In 2000, the Teen Up tutoring program, which targets African American students, moved from the Community Center to the CEP offices. Also, CEP acquired a van to use for the transportation of youth. Sponsored by the Ronald McDonald Charities and the Proviso Township Mental Health Commission, the van allowed more kids access to programs. The new millennium brought a service expansion opportunity to CEP. 


In 1997, the organization changed its focus towards prevention efforts. CEP moved energy away from licensing foster care homes and continued to grow outreach and leadership programs. CEP added an additional Junior High Program staff member to be able to include 10 local junior highs in High School leadership programs. CEP began training high school students to become Teen Leaders to work with the junior high kids and the Gurrie Snowflake program. CEP also began the Inclusion Program. Supported by LAN, the Inclusion Program provided educational and social programs that were unavailable or inaccessible to this target population. 


In 1996, CEP received a grant from the Community Memorial Foundation to expand youth outreach services. This expansion broadened the focus of junior high student needs and health and wellness education for junior high and high school youth. The Junior High Leadership Conference and The Girls Becoming Women Group were established as a result of this. 


In 1994, CEP added mentoring and tutoring programs and continued to expand advocacy and outreach.

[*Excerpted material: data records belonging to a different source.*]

text \<open>If \<open>(V\<^sub>1, X\<^sub>1)\<close> and \<open>(V\<^sub>2, X\<^sub>2)\<close> both have complement \<open>T\<close> and \<open>V\<^sub>1 \<subseteq> X\<^sub>2\<close>, then
  \<open>X\<^sub>1 = T + V\<^sub>1 \<subseteq> X\<^sub>2\<close>, so \<open>X\<^sub>1 = X\<^sub>2\<close> by dimension, and \<open>V\<^sub>1 = V\<^sub>2\<close> because \<open>V \<mapsto> T\<^sub>V\<^sub>,\<^sub>X\<^sub>2\<close>
  is injective. This makes \<open>\<C>\<^sub>T\<close> an induced matching, and \<open>(V, X) \<mapsto> X\<close> a bijection from
  \<open>\<C>\<^sub>T\<close> onto the \<open>(m+t)\<close>-spaces containing \<open>T\<close>. These are counted by double counting lists
  of \<open>t\<close> vectors independent over \<open>T\<close>: there are \<open>\<Prod>\<^sub>i\<^sub><\<^sub>t (q\<^sup>k - q\<^sup>m\<^sup>+\<^sup>i)\<close> of them in
  \<open>\<bbbF>\<^sub>q\<^sup>k\<close>, and each \<open>(m+t)\<close>-space containing \<open>T\<close> is spanned together with \<open>T\<close> by exactly
  \<open>\<Prod>\<^sub>i\<^sub><\<^sub>t (q\<^sup>m\<^sup>+\<^sup>t - q\<^sup>m\<^sup>+\<^sup>i)\<close> of them.\<close>

lemma card_span_independent:
  fixes B :: "('a::{finite,field} ^ 'n) set"
  assumes "vec.independent B"
  shows "card (vec.span B) = CARD('a) ^ card B"
proof -
  let ?comb = "\<lambda>c. \<Sum>b\<in>B. c b *s b"
  have "inj_on ?comb (B \<rightarrow>\<^sub>E UNIV)"
  proof (rule inj_onI)
    fix c d assume c: "c \<in> B \<rightarrow>\<^sub>E UNIV" and d: "d \<in> B \<rightarrow>\<^sub>E UNIV" and "?comb c = ?comb d"
    then have "(\<Sum>b\<in>B. (c b - d b) *s b) = 0"
      by (simp add: sum_subtractf algebra_simps)
    moreover have "\<forall>u. (\<Sum>b\<in>B. u b *s b) = 0 \<longrightarrow> (\<forall>b\<in>B. u b = 0)"
      using assms unfolding vec.dependent_finite[OF finite] by blast
    ultimately have "\<forall>b\<in>B. c b = d b"
      by fastforce
    then show "c = d" using PiE_ext[OF c d] by blast
  qed
  moreover have "?comb ` (B \<rightarrow>\<^sub>E UNIV) = vec.span B"
  proof
    show "vec.span B \<subseteq> ?comb ` (B \<rightarrow>\<^sub>E UNIV)"
    proof
      fix x assume "x \<in> vec.span B"
      then obtain c where "x = ?comb c"
        by (auto simp: vec.span_finite)
      then have "x = ?comb (restrict c B)"
        by simp
      moreover have "restrict c B \<in> B \<rightarrow>\<^sub>E UNIV"
        by simp
      ultimately show "x \<in> ?comb ` (B \<rightarrow>\<^sub>E UNIV)"
        by (rule image_eqI)
    qed
  qed (auto simp: vec.span_finite)
  ultimately have "card (vec.span B) = card (B \<rightarrow>\<^sub>E (UNIV :: 'a set))"
    using card_image by fastforce
  then show ?thesis by (simp add: card_PiE)
qed

lemma card_subspace:
  fixes S :: "('a::{finite,field} ^ 'n) set"
  assumes "vec.subspace S"
  shows "card S = CARD('a) ^ vec.dim S"
proof -
  obtain B where B: "B \<subseteq> S" "vec.independent B" "S \<subseteq> vec.span B" "card B = vec.dim S"
    using vec.basis_exists[of S] by blast
  then have "vec.span B = S"
    using vec.span_subspace assms by blast
  then show ?thesis
    using card_span_independent[OF B(2)] B(4) by simp
qed

fun independent_over :: "('a::field ^ 'n) set \<Rightarrow> ('a ^ 'n) list \<Rightarrow> bool" where
  "independent_over S [] \<longleftrightarrow> True"
| "independent_over S (v # vs) \<longleftrightarrow> v \<notin> vec.span S \<and> independent_over (insert v S) vs"

lemma dim_independent_over:
  "independent_over S vs \<Longrightarrow> vec.dim (S \<union> set vs) = vec.dim S + length vs"
proof (induction vs arbitrary: S)
  case (Cons v vs)
  have "vec.dim (insert v S \<union> set vs) = vec.dim (insert v S) + length vs"
    using Cons.IH[of "insert v S"] Cons.prems by simp
  moreover have "vec.dim (insert v S) = vec.dim S + 1"
    using Cons.prems by (simp add: vec.dim_insert)
  moreover have "insert v S \<union> set vs = S \<union> set (v # vs)"
    by auto
  ultimately show ?case by simp
qed simp

lemma card_independent_over_lists:
  fixes S Y :: "('a::{finite,field} ^ 'n) set"
  assumes "vec.subspace Y" and "S \<subseteq> Y"
  shows "card {vs. length vs = j \<and> set vs \<subseteq> Y \<and> independent_over S vs}
           = (\<Prod>i<j. CARD('a) ^ vec.dim Y - CARD('a) ^ (vec.dim S + i))"
  using assms(2)
proof (induction j arbitrary: S)
  case 0
  have "{vs. length vs = 0 \<and> set vs \<subseteq> Y \<and> independent_over S vs} = {[]}" by auto
  then show ?case by simp
next
  case (Suc j)
  let ?q = "CARD('a)"
  let ?A = "\<lambda>S. {vs. length vs = j \<and> set vs \<subseteq> Y \<and> independent_over S vs}"
  have split: "{vs. length vs = Suc j \<and> set vs \<subseteq> Y \<and> independent_over S vs}
        = (\<Union>v\<in>Y - vec.span S. (#) v ` ?A (insert v S))"
    by (auto simp: length_Suc_conv)
  have card_A: "card ((#) v ` ?A (insert v S)) = (\<Prod>i<j. ?q ^ vec.dim Y - ?q ^ (vec.dim S + Suc i))"
    if "v \<in> Y - vec.span S" for v
  proof -
    have "card ((#) v ` ?A (insert v S)) = card (?A (insert v S))"
      by (rule card_image) (simp add: inj_on_def)
    then show ?thesis using that Suc by (simp add: vec.dim_insert)
  qed
  have "finite (?A S')" for S'
    by (rule finite_subset[OF _ finite_lists_length_eq[OF finite_class.finite_UNIV, of j]]) auto
  then have "card (\<Union>v\<in>Y - vec.span S. (#) v ` ?A (insert v S))
      = (\<Sum>v\<in>Y - vec.span S. card ((#) v ` ?A (insert v S)))"
    by (intro card_UN_disjoint) (simp_all, blast)
  also have "\<dots> = card (Y - vec.span S) * (\<Prod>i<j. ?q ^ vec.dim Y - ?q ^ (vec.dim S + Suc i))"
    using card_A by simp
  also have "card (Y - vec.span S) = ?q ^ vec.dim Y - ?q ^ vec.dim S"
    using Suc.prems assms(1) vec.span_minimal[of S Y]
    by (simp add: card_Diff_subset card_subspace)
  finally show ?case
    unfolding split by (simp only: prod.lessThan_Suc_shift add_0_right)
qed
lemma dual: "lattice_on A join meet"
  using lattice_ops unfolding lattice_on_def lattice_ops_def by metis

lemma le_dual_iff: "x \<in> A \<Longrightarrow> y \<in> A \<Longrightarrow> join x y = x \<longleftrightarrow> le y x"
  using le_iff_join join_comm by metis

lemma monotone_involution_meet:
  assumes closed: "\<And>x. x \<in> A \<Longrightarrow> \<phi> x \<in> A" and inv: "\<And>x. x \<in> A \<Longrightarrow> \<phi> (\<phi> x) = x"
    and mono: "\<And>x y. x \<in> A \<Longrightarrow> y \<in> A \<Longrightarrow> le x y \<Longrightarrow> le (\<phi> x) (\<phi> y)"
    and x: "x \<in> A" and y: "y \<in> A"
  shows "\<phi> (meet x y) = meet (\<phi> x) (\<phi> y)"
proof -
  let ?m = "meet (\<phi> x) (\<phi> y)"
  have mA: "meet x y \<in> A" "?m \<in> A" "\<phi> ?m \<in> A" using closed meet_closed x y by auto
  have "le (\<phi> (meet x y)) (\<phi> x)" "le (\<phi> (meet x y)) (\<phi> y)"
    using mono meet_lower1 meet_lower2 mA x y by auto
  then have le1: "le (\<phi> (meet x y)) ?m"
    using meet_greatest closed mA x y by auto
  have "le (\<phi> ?m) (\<phi> (\<phi> x))" "le (\<phi> ?m) (\<phi> (\<phi> y))"
    using mono meet_lower1 meet_lower2 closed mA x y by auto
  then have "le (\<phi> ?m) (meet x y)"
    using meet_greatest inv mA x y by auto
  then have "le ?m (\<phi> (meet x y))"
    using mono[of "\<phi> ?m" "meet x y"] inv mA by auto
  then show ?thesis using le_antisym le1 closed mA by auto
qed

lemma monotone_involution_hom:
  assumes closed: "\<And>x. x \<in> A \<Longrightarrow> \<phi> x \<in> A" and inv: "\<And>x. x \<in> A \<Longrightarrow> \<phi> (\<phi> x) = x"
    and mono: "\<And>x y. x \<in> A \<Longrightarrow> y \<in> A \<Longrightarrow> le x y \<Longrightarrow> le (\<phi> x) (\<phi> y)"
    and x: "x \<in> A" and y: "y \<in> A"
  shows "\<phi> (meet x y) = meet (\<phi> x) (\<phi> y)" and "\<phi> (join x y) = join (\<phi> x) (\<phi> y)"
proof -
  show "\<phi> (meet x y) = meet (\<phi> x) (\<phi> y)" by (rule monotone_involution_meet[OF assms])
  interpret d: lattice_on A join meet by (rule dual)
  show "\<phi> (join x y) = join (\<phi> x) (\<phi> y)"
    using d.monotone_involution_meet[OF closed inv _ x y] mono le_dual_iff closed by metis
qed
(* Let $\boldsymbol{X}\in\mathcal{S}^{n\times n}$ have pairwise distinct eigenvalues, let $\delta'>0$, and let $\boldsymbol{X}=\boldsymbol{Q}_x\operatorname{Diag}(\boldsymbol{\lambda}(\boldsymbol{X}))\boldsymbol{Q}_x^\top$ with $\boldsymbol{Q}_x\in\mathcal{O}(n,n)$ be a spectral decomposition. Then there exists $\delta''>0$ such that $$\boldsymbol{B}(\boldsymbol{X},\delta'')\subset\boldsymbol{B}\big((\boldsymbol{Q}_x,\boldsymbol{\lambda}(\boldsymbol{X})),\delta'\big).$$
   Context: $\mathcal{S}^{n\times n}$ denotes the real symmetric $n\times n$ matrices, $\mathcal{O}(n,n)$ the real orthogonal $n\times n$ matrices, and $\boldsymbol{\lambda}(\boldsymbol{X})$ the vector of eigenvalues of $\boldsymbol{X}$ in nonincreasing order. Let $\mathbb{R}^n_{\geq}=\{\boldsymbol{x}\in\mathbb{R}^n: x_1\ge\cdots\ge x_n\}$. For $\boldsymbol{Q}\in\mathcal{O}(n,n)$, $\boldsymbol{\lambda}\in\mathbb{R}^n_\geq$ and $\delta>0$, $\boldsymbol{B}((\boldsymbol{Q},\boldsymbol{\lambda}),\delta):=\{\bar{\boldsymbol{Q}}\operatorname{Diag}(\bar{\boldsymbol{\lambda}})\bar{\boldsymbol{Q}}^\top : \|\bar{\boldsymbol{Q}}-\boldsymbol{Q}\|_F\le\delta,\ \|\bar{\boldsymbol{\lambda}}-\boldsymbol{\lambda}\|\le\delta,\ \bar{\boldsymbol{Q}}\in\mathcal{O}(n,n),\ \bar{\boldsymbol{\lambda}}\in\mathbb{R}^n_\geq\}$, and $\boldsymbol{B}(\boldsymbol{X},\delta):=\{\bar{\boldsymbol{X}}\in\mathcal{S}^{n\times n}:\|\bar{\boldsymbol{X}}-\boldsymbol{X}\|_F\le\delta\}$. *)

theory Defs
  imports "HOL-Analysis.Analysis"
begin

In 1993, CEP added the Youth Council Program, a multi-racial, multi-cultural group of teens. This group provided training and presentations to other teens and community groups on issues of diversity. The expansion of outreach services also included the establishment of a summer theater program.  


In 1992, Operation Wise-Up, a substance abuse prevention program utilizing teen and adult volunteers that focused on junior high students was introduced. CEP also launched the Summer Battle of the Bands.  


Also in 1990, efforts began to establish a youth center in our community. As a result, CEP added a new dimension to its programming, Outreach Services, focused on the social and recreational need of youth as well as prevention and intervention. 


In 1990, The Buddy Program was introduced at S.E. Gross School in Brookfield. CEP staff met with middle school counselors, teachers and principals and developed a program addressing the social and developmental issues of middle school students utilizing parent volunteers as trainers.


In 1988, CEP moved into the area of substance abuse prevention as a co-sponsor of the West Cook Snowball. This was the first Snowball held for and by area high school students.  


In 1984, CEP’s Peer Leadership Program was in place at local high schools and in several other high schools throughout northern Illinois. CEP continued its efforts in community education by sponsoring workshops to educate the community on gang issues in the suburbs. CEP also developed an elementary school model of the Life Skills Training. The housing program was expanded to provide transitional housing for 18-21 year olds. This program included counseling and employment assistance.  


In 1980, the Peer Counseling Program was launched and CEP received its first foundation funding from Nalco and the Chicago Community Trust. Nalco would become a consistent funder for many years. For the next three years, CEP focused on the development and expansion of the Peer Leadership model.  


In 1979, CEP conducted the first community-wide youth needs assessment. This assessment became the basis for future program planning. The most significant finding was that “kids helping kids” was the key to delivering services. As a result of this, CEP developed the Peer Counseling/Peer Leadership Program, which would become the basis of all the prevention programs.


In the fall of 1977, the La Grange YMCA decided to discontinue their teen service programs in order to expand its day care and recreation programs. A public meeting was held and local police, school counselors and church representatives stated emphatically that there must be a local agency whose sole focus was youth. The outpouring of public support was the driving force behind the creation of Community Extension Project as a new and independent agency.